--- Dataset records ---

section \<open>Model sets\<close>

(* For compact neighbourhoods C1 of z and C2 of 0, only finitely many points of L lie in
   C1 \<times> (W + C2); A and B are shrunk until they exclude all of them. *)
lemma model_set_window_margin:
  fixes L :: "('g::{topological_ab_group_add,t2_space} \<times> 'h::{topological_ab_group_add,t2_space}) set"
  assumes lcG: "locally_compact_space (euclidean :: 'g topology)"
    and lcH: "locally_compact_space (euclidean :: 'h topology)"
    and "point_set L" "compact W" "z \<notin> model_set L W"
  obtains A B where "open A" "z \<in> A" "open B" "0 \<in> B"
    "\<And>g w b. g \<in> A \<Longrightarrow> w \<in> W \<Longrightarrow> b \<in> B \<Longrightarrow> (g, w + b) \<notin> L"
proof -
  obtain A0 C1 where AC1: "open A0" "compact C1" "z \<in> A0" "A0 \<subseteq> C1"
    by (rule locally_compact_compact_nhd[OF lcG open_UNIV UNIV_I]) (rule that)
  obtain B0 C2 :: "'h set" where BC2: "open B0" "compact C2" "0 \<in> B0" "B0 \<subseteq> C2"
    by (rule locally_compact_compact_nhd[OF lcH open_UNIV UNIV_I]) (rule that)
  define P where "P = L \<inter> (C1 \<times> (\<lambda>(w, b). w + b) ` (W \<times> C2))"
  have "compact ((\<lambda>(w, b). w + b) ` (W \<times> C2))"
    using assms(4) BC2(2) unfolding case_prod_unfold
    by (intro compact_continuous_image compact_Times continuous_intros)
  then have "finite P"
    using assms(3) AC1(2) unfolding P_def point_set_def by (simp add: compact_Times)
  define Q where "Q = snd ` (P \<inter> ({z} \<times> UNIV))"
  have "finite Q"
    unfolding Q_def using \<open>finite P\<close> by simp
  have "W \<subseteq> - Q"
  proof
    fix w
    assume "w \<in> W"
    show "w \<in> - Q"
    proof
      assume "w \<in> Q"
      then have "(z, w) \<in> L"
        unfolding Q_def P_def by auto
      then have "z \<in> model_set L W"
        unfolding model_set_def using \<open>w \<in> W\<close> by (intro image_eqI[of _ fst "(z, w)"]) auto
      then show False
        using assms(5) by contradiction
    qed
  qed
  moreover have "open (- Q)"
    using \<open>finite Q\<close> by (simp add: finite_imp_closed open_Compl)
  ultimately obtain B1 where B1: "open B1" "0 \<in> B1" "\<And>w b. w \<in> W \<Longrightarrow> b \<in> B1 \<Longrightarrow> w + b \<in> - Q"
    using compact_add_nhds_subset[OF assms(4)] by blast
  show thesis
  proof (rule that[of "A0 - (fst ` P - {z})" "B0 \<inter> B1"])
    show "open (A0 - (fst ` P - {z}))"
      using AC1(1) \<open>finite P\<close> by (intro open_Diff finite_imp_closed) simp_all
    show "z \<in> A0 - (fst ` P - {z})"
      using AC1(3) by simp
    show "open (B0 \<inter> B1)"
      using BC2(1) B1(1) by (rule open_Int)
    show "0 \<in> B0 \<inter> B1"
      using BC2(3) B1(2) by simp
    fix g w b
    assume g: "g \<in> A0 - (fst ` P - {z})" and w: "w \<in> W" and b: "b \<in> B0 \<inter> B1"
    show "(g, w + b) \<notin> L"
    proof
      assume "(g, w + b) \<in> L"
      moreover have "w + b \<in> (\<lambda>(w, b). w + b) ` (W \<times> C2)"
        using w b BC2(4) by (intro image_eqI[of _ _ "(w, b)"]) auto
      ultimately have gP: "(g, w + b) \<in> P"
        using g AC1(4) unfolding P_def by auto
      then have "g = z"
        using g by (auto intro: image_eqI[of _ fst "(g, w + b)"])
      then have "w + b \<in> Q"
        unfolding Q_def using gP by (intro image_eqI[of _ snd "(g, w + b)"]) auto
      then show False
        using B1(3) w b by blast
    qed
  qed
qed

---

=== Problem requirements ===
Which lines run from the first of the listing to the line containing "by (rule locally_compact_compact_nhd[OF lcG"? Reproduce those exactly, both ends included.

=== Exercise response ===
section \<open>Model sets\<close>

(* For compact neighbourhoods C1 of z and C2 of 0, only finitely many points of L lie in
   C1 \<times> (W + C2); A and B are shrunk until they exclude all of them. *)
lemma model_set_window_margin:
  fixes L :: "('g::{topological_ab_group_add,t2_space} \<times> 'h::{topological_ab_group_add,t2_space}) set"
  assumes lcG: "locally_compact_space (euclidean :: 'g topology)"
    and lcH: "locally_compact_space (euclidean :: 'h topology)"
    and "point_set L" "compact W" "z \<notin> model_set L W"
  obtains A B where "open A" "z \<in> A" "open B" "0 \<in> B"
    "\<And>g w b. g \<in> A \<Longrightarrow> w \<in> W \<Longrightarrow> b \<in> B \<Longrightarrow> (g, w + b) \<notin> L"
proof -
  obtain A0 C1 where AC1: "open A0" "compact C1" "z \<in> A0" "A0 \<subseteq> C1"
    by (rule locally_compact_compact_nhd[OF lcG open_UNIV UNIV_I]) (rule that)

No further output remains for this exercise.